Neurotrope has finished dosing and monitoring patients in a Phase 2 clinical trial to evaluate Bryostatin-1, the company’s lead drug candidate for treatment of moderate to severe Alzheimer’s disease.
The randomized, double-blind, placebo-controlled, Phase 2 clinical trial (NCT02431468) is assessing the safety, tolerability and efficacy of bryostatin-1 in 148 people with Alzheimer’s. Patients underwent a 12-week treatment with Bryostatin-1, followed by a 30-day post-treatment evaluation.
The trial’s primary efficacy endpoint is the post-treatment change on the Severe Impairment Battery, a scale assessment widely used in Alzheimer’s drug trials. Secondary efficacy endpoints will include “Activities of Daily Living,” “Neuropsychiatric Inventory” and “Mini-Mental State Exam.”
This study follows a now completed Phase 1/2 clinical trial (NCT02221947) that evaluated the preliminary safety, efficacy, biological effects and properties of Bryostatin-1 in 15 patients with Alzheimer’s.
Neurotrope CEO Susanne Wilke said she was “very pleased” with the study, which took only 13 months from start to finish.
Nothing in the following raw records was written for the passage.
lemma nn_integral_sliding_avg:
  fixes f :: "real \<Rightarrow> real"
  assumes f[measurable]: "f \<in> borel_measurable borel" and nonneg: "\<And>x. 0 \<le> f x"
    and f1: "integrable lborel f" and h: "h > 0"
  shows "(\<integral>\<^sup>+x. ennreal (sliding_avg h f x) \<partial>lborel) = (\<integral>\<^sup>+x. ennreal (f x) \<partial>lborel)"
proof -
  have [measurable]: "sliding_avg h f \<in> borel_measurable borel"
    by (rule borel_measurable_sliding_avg) measurable
  have window: "ennreal (h * sliding_avg h f x)
      = (\<integral>\<^sup>+t. indicator {x..x+h} t * ennreal (f t) \<partial>lborel)" for x
  proof -
    have "integrable lborel (\<lambda>t. indicator {x..x+h} t * f t)"
      using integrable_real_mult_indicator[OF _ f1, of "{x..x+h}"] by (simp add: mult.commute)
    then have "ennreal (h * sliding_avg h f x)
        = (\<integral>\<^sup>+t. ennreal (indicator {x..x+h} t * f t) \<partial>lborel)"
      using h nonneg unfolding sliding_avg_def set_lebesgue_integral_def
      by (subst nn_integral_eq_integral) auto
    also have "\<dots> = (\<integral>\<^sup>+t. indicator {x..x+h} t * ennreal (f t) \<partial>lborel)"
      by (intro nn_integral_cong) (simp add: indicator_def)
    finally show ?thesis .
  qed
  have "(\<integral>\<^sup>+x. ennreal (sliding_avg h f x) \<partial>lborel)
      = (\<integral>\<^sup>+x. ennreal (1 / h) * ennreal (h * sliding_avg h f x) \<partial>lborel)"
    using h by (intro nn_integral_cong) (simp add: ennreal_mult'[symmetric])
  also have "\<dots> = ennreal (1 / h) * (\<integral>\<^sup>+x. ennreal (h * sliding_avg h f x) \<partial>lborel)"
    by (rule nn_integral_cmult) measurable
  also have "\<dots> = ennreal (1 / h) * ennreal h * (\<integral>\<^sup>+x. ennreal (f x) \<partial>lborel)"
    unfolding window using nn_integral_window[of "\<lambda>t. ennreal (f t)" h] h by (simp add: mult.assoc)
  also have "\<dots> = (\<integral>\<^sup>+x. ennreal (f x) \<partial>lborel)"
    using h by (simp add: ennreal_mult'[symmetric])
  finally show ?thesis .
qed

lemma
  fixes f :: "real \<Rightarrow> real"
  assumes f[measurable]: "f \<in> borel_measurable borel" and nonneg: "\<And>x. 0 \<le> f x"
    and f1: "integrable lborel f" and h: "h > 0"
  shows integrable_sliding_avg: "integrable lborel (sliding_avg h f)"
    and integral_sliding_avg: "(LINT x|lborel. sliding_avg h f x) = (LINT x|lborel. f x)"
proof -
  have "(\<integral>\<^sup>+x. ennreal (sliding_avg h f x) \<partial>lborel) = ennreal (LINT x|lborel. f x)"
    using nn_integral_sliding_avg[OF f nonneg f1 h] f1 nonneg
    by (simp add: nn_integral_eq_integral)
  moreover have "0 \<le> sliding_avg h f x" for x
    using h nonneg unfolding sliding_avg_def set_lebesgue_integral_def
    by (intro divide_nonneg_pos integral_nonneg_AE) auto
  moreover have "0 \<le> (LINT x|lborel. f x)"
    using nonneg by (simp add: integral_nonneg_AE)
  ultimately have "integrable lborel (sliding_avg h f)
      \<and> (LINT x|lborel. sliding_avg h f x) = (LINT x|lborel. f x)"
    using borel_measurable_sliding_avg[OF f] by (subst (asm) nn_integral_eq_integrable) auto
  then show "integrable lborel (sliding_avg h f)"
    and "(LINT x|lborel. sliding_avg h f x) = (LINT x|lborel. f x)" by auto
qed

lemma sliding_avg_square_le:
  fixes f :: "real \<Rightarrow> real"
  assumes f: "f \<in> borel_measurable lborel" and f2: "integrable lborel (\<lambda>x. (f x)\<^sup>2)" and h: "h > 0"
  shows "(sliding_avg h f x)\<^sup>2 \<le> sliding_avg h (\<lambda>t. (f t)\<^sup>2) x"
proof -
  have "(LINT t:{x..x+h}|lborel. f t)\<^sup>2 \<le> h * (LINT t:{x..x+h}|lborel. (f t)\<^sup>2)"
    using set_integral_Icc_square_le[of x "x + h" f] h
      square_integrable_imp_set_integrable_Icc[OF f f2]
      square_integrable_imp_set_integrable_square[OF f2] by simp
  then show ?thesis
    using h unfolding sliding_avg_def by (simp add: field_simps power2_eq_square)
qed

lemma
  fixes f :: "real \<Rightarrow> real"
  assumes f[measurable]: "f \<in> borel_measurable borel"
    and f2: "integrable lborel (\<lambda>x. (f x)\<^sup>2)" and h: "h > 0"
  shows integrable_sliding_avg_square: "integrable lborel (\<lambda>x. (sliding_avg h f x)\<^sup>2)"
    and integral_sliding_avg_square_le:
      "(LINT x|lborel. (sliding_avg h f x)\<^sup>2) \<le> (LINT x|lborel. (f x)\<^sup>2)"
proof -
  have [measurable]: "sliding_avg h f \<in> borel_measurable borel"
    by (rule borel_measurable_sliding_avg) measurable
  have avg2: "integrable lborel (sliding_avg h (\<lambda>t. (f t)\<^sup>2))"
    by (rule integrable_sliding_avg[OF _ _ f2 h]) auto
  have le: "(sliding_avg h f x)\<^sup>2 \<le> sliding_avg h (\<lambda>t. (f t)\<^sup>2) x" for x
    by (rule sliding_avg_square_le[OF _ f2 h]) simp
  show int: "integrable lborel (\<lambda>x. (sliding_avg h f x)\<^sup>2)"
  proof (rule Bochner_Integration.integrable_bound[OF avg2])
    show "AE x in lborel. norm ((sliding_avg h f x)\<^sup>2) \<le> norm (sliding_avg h (\<lambda>t. (f t)\<^sup>2) x)"
      using le by (intro AE_I2) (metis abs_ge_self order_trans real_norm_def norm_power abs_power2)
  qed measurable
  have "(LINT x|lborel. (sliding_avg h f x)\<^sup>2) \<le> (LINT x|lborel. sliding_avg h (\<lambda>t. (f t)\<^sup>2) x)"
    using int avg2 le by (rule integral_mono)
  also have "\<dots> = (LINT x|lborel. (f x)\<^sup>2)"
    by (rule integral_sliding_avg[OF _ _ f2 h]) auto
  finally show "(LINT x|lborel. (sliding_avg h f x)\<^sup>2) \<le> (LINT x|lborel. (f x)\<^sup>2)" .
qed

lemma set_integral_Icc_shift:
  fixes f :: "real \<Rightarrow> real"
  shows "(LINT x:{a..b}|lborel. f (x + h)) = (LINT x:{a+h..b+h}|lborel. f x)"
proof -
  have "(LINT x:{a+h..b+h}|lborel. f x)
      = (LINT x|lborel. indicator {a+h..b+h} (h + 1 * x) * f (h + 1 * x))"
    using lborel_integral_real_affine[of 1 "\<lambda>x. indicator {a+h..b+h} x * f x" h]
    by (simp add: set_lebesgue_integral_def)
  also have "\<dots> = (LINT x|lborel. indicator {a..b} x * f (x + h))"
    by (intro Bochner_Integration.integral_cong) (auto simp: indicator_def add.commute)
  finally show ?thesis by (simp add: set_lebesgue_integral_def)
qed

lemma set_integral_Icc_eq_interval_integral_diff:
  fixes f :: "real \<Rightarrow> real"
  assumes f: "\<And>a b. set_integrable lborel {a..b} f" and cd: "c \<le> d"
  shows "(LINT t:{c..d}|lborel. f t) = (LBINT t=ereal 0..ereal d. f t) - (LBINT t=ereal 0..ereal c. f t)"
proof -
  have f_int: "interval_lebesgue_integrable lborel (ereal u) (ereal v) f" for u v
    using set_integrable_subset[OF f[of "min u v" "max u v"]]
    unfolding interval_lebesgue_integrable_def by (auto simp: einterval_iff subset_iff)
  have "(LBINT t=ereal 0..ereal c. f t) + (LBINT t=ereal c..ereal d. f t) = (LBINT t=ereal 0..ereal d. f t)"
    by (intro interval_integral_sum) (metis f_int min_def max_def)
  then show ?thesis using cd by (simp add: interval_integral_Icc)
qed

lemma sliding_avg_diff:
  fixes f :: "real \<Rightarrow> real"
  assumes f[measurable]: "f \<in> borel_measurable borel"
    and f2: "integrable lborel (\<lambda>x. (f x)\<^sup>2)" and h: "h > 0" and ab: "a \<le> b"
  shows "sliding_avg h f b - sliding_avg h f a = (LINT x:{a..b}|lborel. (f (x + h) - f x) / h)"
proof -
  have f_loc: "set_integrable lborel {a..b} f" for a b
    by (rule square_integrable_imp_set_integrable_Icc[OF _ f2]) simp
  have "set_integrable lborel {a..b} (\<lambda>x. f (x + h))" for a b
    using lborel_integrable_real_affine[OF f2, of 1 h]
    by (intro square_integrable_imp_set_integrable_Icc) (simp_all add: add.commute)
  define P where "P y = (LBINT t=ereal 0..ereal y. f t)" for y :: real
  have P: "c \<le> d \<Longrightarrow> (LINT t:{c..d}|lborel. f t) = P d - P c" for c d
    unfolding P_def by (rule set_integral_Icc_eq_interval_integral_diff[OF f_loc])
  have "(LINT x:{a..b}|lborel. (f (x + h) - f x) / h)
      = ((LINT x:{a..b}|lborel. f (x + h)) - (LINT x:{a..b}|lborel. f x)) / h"
    using f_loc \<open>set_integrable lborel {a..b} (\<lambda>x. f (x + h))\<close>
    by simp
  also have "\<dots> = ((P (b+h) - P (a+h)) - (P b - P a)) / h"
    using ab by (simp add: set_integral_Icc_shift P)
  also have "\<dots> = sliding_avg h f b - sliding_avg h f a"
    using h by (simp add: sliding_avg_def P diff_divide_distrib)
  finally show ?thesis ..
qed

lemma H1_sliding_avg:
  fixes f :: "real \<Rightarrow> real"
  assumes f[measurable]: "f \<in> borel_measurable borel"
    and f2: "integrable lborel (\<lambda>x. (f x)\<^sup>2)" and h: "h > 0"
  shows "H1 (sliding_avg h f) (\<lambda>x. (f (x + h) - f x) / h)"
  unfolding H1_def
proof (intro conjI allI impI)
  show "sliding_avg h f \<in> borel_measurable lborel"
    using borel_measurable_sliding_avg[OF f] by simp
  show dq: "(\<lambda>x. (f (x + h) - f x) / h) \<in> borel_measurable lborel" by measurable
  show "integrable lborel (\<lambda>x. (sliding_avg h f x)\<^sup>2)"
    by (rule integrable_sliding_avg_square[OF f f2 h])
  show dq2: "integrable lborel (\<lambda>x. ((f (x + h) - f x) / h)\<^sup>2)"
    by (rule integrable_square_diff_quotient[OF f f2])
  fix a b :: real assume "a \<le> b"
  then show "sliding_avg h f b - sliding_avg h f a = (LINT t:{a..b}|lborel. (f (t + h) - f t) / h)"
    by (rule sliding_avg_diff[OF f f2 h])
  show "set_integrable lborel {a..b} (\<lambda>x. (f (x + h) - f x) / h)"
    by (rule square_integrable_imp_set_integrable_Icc[OF dq dq2])
qed

lemma sliding_avg_indicator:
  fixes c d x :: real
  assumes d: "d > 0"
  shows "sliding_avg d (indicator {c..c+d}) x = measure lborel {max x c..min (x+d) (c+d)} / d"
proof -
  have "(LINT t:{x..x+d}|lborel. indicator {c..c+d} t) = (LINT t|lborel. indicator ({x..x+d} \<inter> {c..c+d}) t :: real)"
    unfolding set_lebesgue_integral_def
    by (intro Bochner_Integration.integral_cong) (auto simp: indicator_def)
  then show ?thesis
    by (simp add: sliding_avg_def sup_real_def inf_real_def)
qed

lemma sliding_avg_indicator_ge_half:
  fixes c d x :: real
  assumes d: "d > 0" and x: "\<bar>x - c\<bar> \<le> d / 2"
  shows "1 / 2 \<le> sliding_avg d (indicator {c..c+d}) x"
proof -
  have "d / 2 \<le> measure lborel {max x c..min (x+d) (c+d)}"
    using d x by (subst measure_lborel_Icc) (auto simp: min_def max_def)
  then show ?thesis using d by (simp add: sliding_avg_indicator field_simps)
qed

lemma sliding_avg_indicator_eq_0:
  fixes c d x :: real
  assumes d: "d > 0" and x: "d \<le> \<bar>x - c\<bar>"
  shows "sliding_avg d (indicator {c..c+d}) x = 0"
  using d x by (simp add: sliding_avg_indicator) (auto simp: min_def max_def)

lemma H1_sliding_avg_indicator:
  fixes c d :: real
  assumes d: "d > 0"
  shows "H1 (sliding_avg d (indicator {c..c+d}))
    (\<lambda>x. (indicator {c..c+d} (x + d) - indicator {c..c+d} x) / d)"
proof (rule H1_sliding_avg[OF _ _ d])
  have "(\<lambda>x. (indicator {c..c+d} x :: real)\<^sup>2) = indicator {c..c+d}"
    by (auto simp: indicator_def)
  then show "integrable lborel (\<lambda>x. (indicator {c..c+d} x :: real)\<^sup>2)" using d by simp
qed simp

lemma H1_diff_eq_integral:
  "H1 psi dpsi \<Longrightarrow> a \<le> b \<Longrightarrow> psi b - psi a = (LINT t:{a..b}|lborel. dpsi t)"
  unfolding H1_def by blast

lemma H1_diff_square_le:
  assumes H: "H1 psi dpsi" and xt: "x \<le> t"
  shows "(psi t - psi x)\<^sup>2 \<le> (t - x) * (LINT s|lborel. (dpsi s)\<^sup>2)"
proof (cases "x = t")
  case False
  have dpsi: "dpsi \<in> borel_measurable lborel" and dpsi2: "integrable lborel (\<lambda>s. (dpsi s)\<^sup>2)"
    using H unfolding H1_def by auto
  have "(psi t - psi x)\<^sup>2 = (LINT s:{x..t}|lborel. dpsi s)\<^sup>2"
    using H1_diff_eq_integral[OF H xt] by simp
  also have "\<dots> \<le> (t - x) * (LINT s:{x..t}|lborel. (dpsi s)\<^sup>2)"
    using False xt square_integrable_imp_set_integrable_Icc[OF dpsi dpsi2]
      square_integrable_imp_set_integrable_square[OF dpsi2]
    by (intro set_integral_Icc_square_le) auto
  also have "\<dots> \<le> (t - x) * (LINT s|lborel. (dpsi s)\<^sup>2)"
    using xt set_integral_square_le_integral[OF dpsi2] by (intro mult_left_mono) auto
  finally show ?thesis .
qed simp

lemma H1_sliding_avg_dist_le:
  assumes H: "H1 psi dpsi" and h: "h > 0"
  shows "\<bar>sliding_avg h psi x - psi x\<bar> \<le> sqrt (h * (LINT s|lborel. (dpsi s)\<^sup>2))"
proof -
  define r where "r = sqrt (h * (LINT s|lborel. (dpsi s)\<^sup>2))"
  have psi: "psi \<in> borel_measurable lborel" and psi2: "integrable lborel (\<lambda>s. (psi s)\<^sup>2)"
    using H unfolding H1_def by auto
  have const: "set_integrable lborel {x..x+h} (\<lambda>s. c)" for c :: real
    using h by (simp add: set_integrable_def)
  have diff: "set_integrable lborel {x..x+h} (\<lambda>s. psi s - psi x)"
    using square_integrable_imp_set_integrable_Icc[OF psi psi2] const by auto
  have "\<bar>psi s - psi x\<bar> \<le> r" if "s \<in> {x..x+h}" for s
  proof -
    have "(psi s - psi x)\<^sup>2 \<le> (s - x) * (LINT s|lborel. (dpsi s)\<^sup>2)"
      using H1_diff_square_le[OF H, of x s] that by simp
    also have "\<dots> \<le> h * (LINT s|lborel. (dpsi s)\<^sup>2)"
      using that by (intro mult_right_mono) auto
    finally have "(psi s - psi x)\<^sup>2 \<le> h * (LINT s|lborel. (dpsi s)\<^sup>2)" .
    then show ?thesis unfolding r_def by (simp add: real_le_rsqrt)
  qed
  then have "\<bar>LINT s:{x..x+h}|lborel. psi s - psi x\<bar> \<le> (LINT s:{x..x+h}|lborel. r)"
    using diff const unfolding set_lebesgue_integral_def set_integrable_def
    by (intro integral_abs_bound_integral) (auto simp: indicator_def)
  moreover have "(LINT s:{x..x+h}|lborel. psi s - psi x) = h * (sliding_avg h psi x - psi x)"
    using square_integrable_imp_set_integrable_Icc[OF psi psi2] const h
    by (simp add: sliding_avg_def set_integral_const field_simps)
  ultimately show ?thesis using h unfolding r_def by (simp add: abs_mult set_integral_const)
qed
lemma length_in_base_window:
  fixes q t L :: nat
  assumes "t < q" "1 \<le> L" "L \<le> q"
  shows "(\<exists>i\<le>(q - t - 1) div (t + 1). q - t - i * (t + 1) \<le> L \<and> L \<le> q - t - i * (t + 1) + t)
    \<or> (q mod (t + 1) \<noteq> 0 \<and> L \<le> t)"
proof -
  define i where "i = (q - L) div (t + 1)"
  have below: "i * (t + 1) \<le> q - L" and above: "q - L \<le> i * (t + 1) + t"
    using div_mult_mod_eq[of "q - L" "t + 1"] mod_less_divisor[of "t + 1" "q - L"]
    unfolding i_def by linarith+
  show ?thesis
  proof (cases "i \<le> (q - t - 1) div (t + 1)")
    case True
    then have "i * (t + 1) \<le> q - t - 1"
      by (simp add: less_eq_div_iff_mult_less_eq)
    then show ?thesis
      using True below above assms by (intro disjI1 exI[of _ i] conjI) linarith+
  next
    case False
    then have "q - t - 1 < i * (t + 1)"
      by (simp add: less_eq_div_iff_mult_less_eq)
    then have r: "1 \<le> q - i * (t + 1)" "q - i * (t + 1) \<le> t"
      using below assms by linarith+
    have "q mod (t + 1) = (q - i * (t + 1) + i * (t + 1)) mod (t + 1)"
      using below by simp
    also have "\<dots> = q - i * (t + 1)"
      using r by (simp only: mod_mult_self1) simp
    finally show ?thesis
      using r below assms by (intro disjI2 conjI) linarith+
  qed
qed

lemma card_C_base:
  "card (C_base q t) = (\<Sum>i\<in>{0..(q - t - 1) div (t + 1)}. card (S (q - t - i * (t + 1)) q))"
  unfolding C_base_def
proof (rule card_UN_disjoint)
  show "\<forall>i\<in>{0..(q - t - 1) div (t + 1)}. \<forall>j\<in>{0..(q - t - 1) div (t + 1)}. i \<noteq> j \<longrightarrow>
      S (q - t - i * (t + 1)) q \<inter> S (q - t - j * (t + 1)) q = {}"
  proof (intro ballI impI)
    fix i j assume ij: "i \<in> {0..(q - t - 1) div (t + 1)}" "j \<in> {0..(q - t - 1) div (t + 1)}" "i \<noteq> j"
    then have "i * (t + 1) \<le> q - t - 1" "j * (t + 1) \<le> q - t - 1"
      by (auto simp: less_eq_div_iff_mult_less_eq)
    moreover have "i * (t + 1) \<noteq> j * (t + 1)"
      using ij(3) by (simp only: mult_cancel2) simp
    ultimately have "q - t - i * (t + 1) \<noteq> q - t - j * (t + 1)"
      by linarith
    then show "S (q - t - i * (t + 1)) q \<inter> S (q - t - j * (t + 1)) q = {}"
      by (auto simp: S_def)
  qed
qed (auto simp: finite_S)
“A reversal of Alzheimer’s progression would represent a major step forward in the treatment of Alzheimer’s dementia patients after years of failed previous trials by other companies and institutions that predominantly targeted amyloid plaque or tau neurofibrillary tangles,” Wilke said in a press release. “Those trials, thus far, have not achieved a significantly reduced rate of decline or improved cognition in any group of patients diagnosed with Alzheimer’s dementia — mild, moderate or severe.”
Daniel Alkon, MD, president and chief scientific officer of the New York-based biopharmaceutical company, said that although the pathologic hallmarks of Alzheimer’s — extracellular plaques and intracellular tangles at autopsy — are essential in identifying people who in fact had the disease, plaques and tangles are not closely related to functional decline.
“In contrast, the loss of synaptic networks has been found, with numerous autopsy studies, to correlate with the severity of cognitive dysfunction and disease progression,” he said. “We at Neurotrope believe that the regenerative effects of Bryostatin’s treatment on the synapses, as well as Bryostatin’s prevention of amyloid and plaque deposition, may not just reduce but potentially reverse the symptoms by addressing for the first time many of the major early causes of this devastating disease.”
Bryostatin-1 is a protein kinase C (PKC) modulator. Neurotrope said that in studies with Alzheimer’s animal models, it was shown to be effective for restorative synaptogenesis (generation of new synapses, or connections between neurons), prevention of neuronal death, and anti-amyloid, anti-tau metabolism (the two proteins connected to Alzheimer’s), offering the potential to improve cognition, memory and behavior in patients.